(Beginning of Data excerpts)

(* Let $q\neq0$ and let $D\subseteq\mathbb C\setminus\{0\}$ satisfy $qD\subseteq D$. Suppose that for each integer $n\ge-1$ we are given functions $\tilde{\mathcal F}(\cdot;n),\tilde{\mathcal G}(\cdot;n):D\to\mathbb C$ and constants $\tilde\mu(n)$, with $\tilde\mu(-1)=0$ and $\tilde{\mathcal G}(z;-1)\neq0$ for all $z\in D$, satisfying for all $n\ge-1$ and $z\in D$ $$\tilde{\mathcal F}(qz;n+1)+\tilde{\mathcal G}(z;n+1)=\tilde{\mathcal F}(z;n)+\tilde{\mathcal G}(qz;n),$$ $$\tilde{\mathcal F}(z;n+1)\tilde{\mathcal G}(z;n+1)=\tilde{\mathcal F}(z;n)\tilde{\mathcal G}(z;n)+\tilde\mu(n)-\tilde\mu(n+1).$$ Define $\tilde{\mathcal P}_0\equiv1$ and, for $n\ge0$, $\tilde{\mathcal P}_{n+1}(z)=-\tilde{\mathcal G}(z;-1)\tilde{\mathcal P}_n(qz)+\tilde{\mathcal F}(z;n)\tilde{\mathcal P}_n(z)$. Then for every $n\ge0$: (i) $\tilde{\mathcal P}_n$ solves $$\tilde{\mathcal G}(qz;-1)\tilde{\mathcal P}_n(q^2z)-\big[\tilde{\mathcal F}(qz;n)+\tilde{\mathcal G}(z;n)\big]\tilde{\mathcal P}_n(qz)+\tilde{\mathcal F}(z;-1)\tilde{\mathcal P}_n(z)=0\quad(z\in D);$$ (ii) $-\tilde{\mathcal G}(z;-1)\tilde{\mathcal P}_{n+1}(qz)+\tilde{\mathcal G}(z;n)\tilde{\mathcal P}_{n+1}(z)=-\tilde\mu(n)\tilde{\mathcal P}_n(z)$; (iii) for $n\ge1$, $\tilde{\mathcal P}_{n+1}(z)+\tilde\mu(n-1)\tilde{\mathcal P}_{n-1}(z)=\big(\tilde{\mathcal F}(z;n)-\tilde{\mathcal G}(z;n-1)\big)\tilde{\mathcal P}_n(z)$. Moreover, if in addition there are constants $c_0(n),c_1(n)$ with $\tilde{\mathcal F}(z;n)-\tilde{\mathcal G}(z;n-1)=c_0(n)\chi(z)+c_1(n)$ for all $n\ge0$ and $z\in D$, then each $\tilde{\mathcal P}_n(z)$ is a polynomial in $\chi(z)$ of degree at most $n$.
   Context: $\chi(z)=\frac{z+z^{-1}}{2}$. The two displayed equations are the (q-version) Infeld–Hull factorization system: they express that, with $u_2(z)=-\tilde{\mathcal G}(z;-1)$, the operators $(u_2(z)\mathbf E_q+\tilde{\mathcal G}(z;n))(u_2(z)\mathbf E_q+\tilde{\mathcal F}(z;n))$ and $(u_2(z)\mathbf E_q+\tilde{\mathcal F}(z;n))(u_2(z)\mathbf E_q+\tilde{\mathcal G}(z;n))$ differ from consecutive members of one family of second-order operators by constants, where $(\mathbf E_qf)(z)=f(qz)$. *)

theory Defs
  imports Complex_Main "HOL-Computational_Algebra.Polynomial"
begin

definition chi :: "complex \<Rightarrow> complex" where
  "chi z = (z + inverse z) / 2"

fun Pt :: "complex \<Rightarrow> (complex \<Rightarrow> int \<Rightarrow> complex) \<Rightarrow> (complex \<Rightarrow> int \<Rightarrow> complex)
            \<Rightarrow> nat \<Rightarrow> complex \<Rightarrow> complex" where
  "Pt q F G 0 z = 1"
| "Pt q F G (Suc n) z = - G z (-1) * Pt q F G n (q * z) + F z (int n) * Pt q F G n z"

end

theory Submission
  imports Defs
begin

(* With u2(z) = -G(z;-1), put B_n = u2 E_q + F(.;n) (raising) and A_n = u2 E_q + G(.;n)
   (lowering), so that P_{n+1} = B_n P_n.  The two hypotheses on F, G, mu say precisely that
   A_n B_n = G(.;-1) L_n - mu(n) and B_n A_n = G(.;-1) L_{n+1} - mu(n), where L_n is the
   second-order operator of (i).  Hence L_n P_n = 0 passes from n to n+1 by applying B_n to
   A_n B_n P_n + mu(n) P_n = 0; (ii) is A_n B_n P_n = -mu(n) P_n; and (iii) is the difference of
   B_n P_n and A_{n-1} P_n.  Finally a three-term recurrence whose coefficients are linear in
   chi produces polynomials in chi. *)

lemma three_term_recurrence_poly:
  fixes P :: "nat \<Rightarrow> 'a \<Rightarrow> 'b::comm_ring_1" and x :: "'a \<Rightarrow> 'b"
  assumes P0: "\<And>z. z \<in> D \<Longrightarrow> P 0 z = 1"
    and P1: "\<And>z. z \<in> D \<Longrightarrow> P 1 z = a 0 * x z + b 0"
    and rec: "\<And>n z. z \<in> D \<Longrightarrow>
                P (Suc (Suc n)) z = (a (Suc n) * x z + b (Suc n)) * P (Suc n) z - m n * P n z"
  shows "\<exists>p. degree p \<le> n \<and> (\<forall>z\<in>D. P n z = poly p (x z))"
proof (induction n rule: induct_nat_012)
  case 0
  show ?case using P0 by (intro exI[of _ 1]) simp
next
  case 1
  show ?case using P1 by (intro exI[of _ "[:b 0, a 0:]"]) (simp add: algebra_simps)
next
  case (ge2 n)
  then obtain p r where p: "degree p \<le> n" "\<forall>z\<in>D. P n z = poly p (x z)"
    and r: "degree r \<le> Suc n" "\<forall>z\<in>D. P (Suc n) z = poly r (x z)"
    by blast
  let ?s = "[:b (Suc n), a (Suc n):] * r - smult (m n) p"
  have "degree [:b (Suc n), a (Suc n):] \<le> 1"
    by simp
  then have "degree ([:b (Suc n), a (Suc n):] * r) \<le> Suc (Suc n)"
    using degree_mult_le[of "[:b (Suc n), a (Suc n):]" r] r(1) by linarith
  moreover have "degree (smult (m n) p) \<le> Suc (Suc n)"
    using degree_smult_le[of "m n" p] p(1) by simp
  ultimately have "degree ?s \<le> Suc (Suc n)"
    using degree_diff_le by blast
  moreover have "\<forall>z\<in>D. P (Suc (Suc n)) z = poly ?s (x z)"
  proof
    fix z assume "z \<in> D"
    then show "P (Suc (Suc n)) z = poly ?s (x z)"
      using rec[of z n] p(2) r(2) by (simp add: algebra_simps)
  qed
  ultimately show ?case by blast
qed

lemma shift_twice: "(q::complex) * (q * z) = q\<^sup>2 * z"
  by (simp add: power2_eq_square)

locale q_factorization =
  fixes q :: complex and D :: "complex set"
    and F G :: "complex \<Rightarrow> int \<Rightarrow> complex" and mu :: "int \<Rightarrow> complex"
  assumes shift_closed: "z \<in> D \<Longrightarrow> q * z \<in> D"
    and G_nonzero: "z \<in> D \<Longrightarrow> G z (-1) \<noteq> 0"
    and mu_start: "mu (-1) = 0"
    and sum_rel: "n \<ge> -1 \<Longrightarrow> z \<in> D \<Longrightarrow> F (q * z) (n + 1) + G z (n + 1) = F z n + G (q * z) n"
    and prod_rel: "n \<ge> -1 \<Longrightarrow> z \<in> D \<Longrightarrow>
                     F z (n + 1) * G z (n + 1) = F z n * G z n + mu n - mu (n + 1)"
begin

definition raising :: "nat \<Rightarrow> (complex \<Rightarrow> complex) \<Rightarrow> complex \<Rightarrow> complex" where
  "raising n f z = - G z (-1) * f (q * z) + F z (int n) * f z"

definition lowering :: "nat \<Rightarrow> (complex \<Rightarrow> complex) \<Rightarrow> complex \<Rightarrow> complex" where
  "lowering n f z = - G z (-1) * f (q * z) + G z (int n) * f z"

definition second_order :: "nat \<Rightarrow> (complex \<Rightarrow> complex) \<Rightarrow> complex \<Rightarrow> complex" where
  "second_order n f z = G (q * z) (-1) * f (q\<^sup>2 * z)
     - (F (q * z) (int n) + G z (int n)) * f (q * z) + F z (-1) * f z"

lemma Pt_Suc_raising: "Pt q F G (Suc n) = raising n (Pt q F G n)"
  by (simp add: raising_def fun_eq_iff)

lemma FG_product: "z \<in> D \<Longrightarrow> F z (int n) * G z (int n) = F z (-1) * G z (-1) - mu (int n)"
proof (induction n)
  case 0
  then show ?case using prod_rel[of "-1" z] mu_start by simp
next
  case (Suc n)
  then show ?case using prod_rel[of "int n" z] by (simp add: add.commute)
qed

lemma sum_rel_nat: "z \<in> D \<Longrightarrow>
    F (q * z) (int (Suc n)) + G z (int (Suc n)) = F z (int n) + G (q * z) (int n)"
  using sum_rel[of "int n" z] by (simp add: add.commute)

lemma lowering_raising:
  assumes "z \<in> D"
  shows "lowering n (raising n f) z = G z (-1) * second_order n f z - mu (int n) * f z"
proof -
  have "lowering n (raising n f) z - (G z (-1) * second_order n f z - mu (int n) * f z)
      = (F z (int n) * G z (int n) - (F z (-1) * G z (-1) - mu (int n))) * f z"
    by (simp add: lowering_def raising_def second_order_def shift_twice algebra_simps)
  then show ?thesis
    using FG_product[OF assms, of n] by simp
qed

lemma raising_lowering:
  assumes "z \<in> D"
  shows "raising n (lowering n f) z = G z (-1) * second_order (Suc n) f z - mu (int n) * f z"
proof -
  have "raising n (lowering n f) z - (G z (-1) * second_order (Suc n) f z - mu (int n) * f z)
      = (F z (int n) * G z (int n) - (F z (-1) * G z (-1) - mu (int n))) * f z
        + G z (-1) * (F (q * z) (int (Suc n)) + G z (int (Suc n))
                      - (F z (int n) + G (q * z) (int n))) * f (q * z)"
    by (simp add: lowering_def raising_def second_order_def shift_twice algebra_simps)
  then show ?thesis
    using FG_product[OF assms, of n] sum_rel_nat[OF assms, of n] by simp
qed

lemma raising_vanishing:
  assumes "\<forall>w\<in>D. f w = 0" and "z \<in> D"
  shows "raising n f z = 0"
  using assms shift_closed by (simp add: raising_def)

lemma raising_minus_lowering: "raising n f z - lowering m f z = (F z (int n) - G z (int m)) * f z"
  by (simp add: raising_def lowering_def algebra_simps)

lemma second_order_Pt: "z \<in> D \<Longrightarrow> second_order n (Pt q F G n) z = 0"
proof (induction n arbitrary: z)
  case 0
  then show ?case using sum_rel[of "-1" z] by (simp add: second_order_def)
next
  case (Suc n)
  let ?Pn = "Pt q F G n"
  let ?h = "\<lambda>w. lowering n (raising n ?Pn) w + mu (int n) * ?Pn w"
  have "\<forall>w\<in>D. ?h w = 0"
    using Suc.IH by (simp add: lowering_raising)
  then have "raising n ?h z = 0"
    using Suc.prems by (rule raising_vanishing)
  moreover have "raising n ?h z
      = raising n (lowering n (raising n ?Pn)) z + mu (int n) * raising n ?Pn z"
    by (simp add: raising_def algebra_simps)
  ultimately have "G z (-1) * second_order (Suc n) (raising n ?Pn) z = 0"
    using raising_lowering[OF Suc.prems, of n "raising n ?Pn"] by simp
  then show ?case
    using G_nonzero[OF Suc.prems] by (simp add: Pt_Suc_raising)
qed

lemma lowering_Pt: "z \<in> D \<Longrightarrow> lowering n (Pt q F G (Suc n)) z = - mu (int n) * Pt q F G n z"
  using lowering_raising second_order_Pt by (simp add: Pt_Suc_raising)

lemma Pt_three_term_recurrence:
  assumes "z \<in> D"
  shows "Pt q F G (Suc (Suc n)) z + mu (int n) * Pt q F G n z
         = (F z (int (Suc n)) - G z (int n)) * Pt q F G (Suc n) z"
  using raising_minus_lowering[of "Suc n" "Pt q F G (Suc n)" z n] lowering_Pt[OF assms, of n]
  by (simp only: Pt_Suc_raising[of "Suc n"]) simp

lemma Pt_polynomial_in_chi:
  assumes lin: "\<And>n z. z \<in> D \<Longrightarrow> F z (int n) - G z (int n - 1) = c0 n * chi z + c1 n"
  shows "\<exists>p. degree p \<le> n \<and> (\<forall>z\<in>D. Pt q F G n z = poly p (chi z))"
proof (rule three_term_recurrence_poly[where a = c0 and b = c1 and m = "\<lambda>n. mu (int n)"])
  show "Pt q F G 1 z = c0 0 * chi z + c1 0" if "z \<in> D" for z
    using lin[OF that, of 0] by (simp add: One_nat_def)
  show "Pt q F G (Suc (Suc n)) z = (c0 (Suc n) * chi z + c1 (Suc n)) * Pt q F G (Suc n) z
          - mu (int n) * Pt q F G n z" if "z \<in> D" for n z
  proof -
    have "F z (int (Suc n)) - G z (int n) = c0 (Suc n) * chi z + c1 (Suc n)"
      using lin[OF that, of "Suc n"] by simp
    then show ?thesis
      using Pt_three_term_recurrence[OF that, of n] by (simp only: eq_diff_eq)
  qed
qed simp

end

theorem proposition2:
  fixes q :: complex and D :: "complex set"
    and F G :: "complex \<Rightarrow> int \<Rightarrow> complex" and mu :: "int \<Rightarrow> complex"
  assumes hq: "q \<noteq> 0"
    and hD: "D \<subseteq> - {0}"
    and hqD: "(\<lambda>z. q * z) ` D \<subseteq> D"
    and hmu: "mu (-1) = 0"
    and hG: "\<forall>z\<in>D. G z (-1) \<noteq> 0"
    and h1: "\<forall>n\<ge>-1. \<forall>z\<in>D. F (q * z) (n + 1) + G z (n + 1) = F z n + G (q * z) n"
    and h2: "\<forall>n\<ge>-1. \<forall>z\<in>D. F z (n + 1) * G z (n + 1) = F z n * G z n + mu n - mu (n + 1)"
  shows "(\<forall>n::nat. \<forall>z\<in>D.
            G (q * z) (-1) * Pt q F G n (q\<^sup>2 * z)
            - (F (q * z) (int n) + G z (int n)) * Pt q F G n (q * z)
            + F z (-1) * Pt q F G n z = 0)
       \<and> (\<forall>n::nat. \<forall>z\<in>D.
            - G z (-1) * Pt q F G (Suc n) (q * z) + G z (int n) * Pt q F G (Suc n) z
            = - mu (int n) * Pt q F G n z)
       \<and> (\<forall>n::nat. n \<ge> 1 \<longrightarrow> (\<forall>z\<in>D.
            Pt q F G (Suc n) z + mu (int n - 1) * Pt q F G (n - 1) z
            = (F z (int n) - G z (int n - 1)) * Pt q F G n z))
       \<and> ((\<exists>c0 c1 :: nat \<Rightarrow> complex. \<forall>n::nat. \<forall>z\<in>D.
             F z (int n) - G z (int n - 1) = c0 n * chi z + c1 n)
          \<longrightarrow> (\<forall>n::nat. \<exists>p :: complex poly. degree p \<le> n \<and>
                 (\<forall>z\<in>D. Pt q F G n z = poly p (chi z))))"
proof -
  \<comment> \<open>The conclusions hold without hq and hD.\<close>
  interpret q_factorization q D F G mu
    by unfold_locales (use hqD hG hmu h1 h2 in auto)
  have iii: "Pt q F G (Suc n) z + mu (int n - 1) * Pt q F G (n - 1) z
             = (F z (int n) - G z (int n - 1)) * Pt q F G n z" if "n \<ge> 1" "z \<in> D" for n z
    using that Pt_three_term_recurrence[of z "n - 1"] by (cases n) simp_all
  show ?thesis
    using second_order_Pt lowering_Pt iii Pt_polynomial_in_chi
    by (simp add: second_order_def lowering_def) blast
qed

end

(End of Data excerpts)

▶ **Exercise objective**: Lines that contain the string "lambda" should be copied from the material above.

▶ **Solved exercise**:
  let ?h = "\<lambda>w. lowering n (raising n ?Pn) w + mu (int n) * ?Pn w"
proof (rule three_term_recurrence_poly[where a = c0 and b = c1 and m = "\<lambda>n. mu (int n)"])
    and hqD: "(\<lambda>z. q * z) ` D \<subseteq> D"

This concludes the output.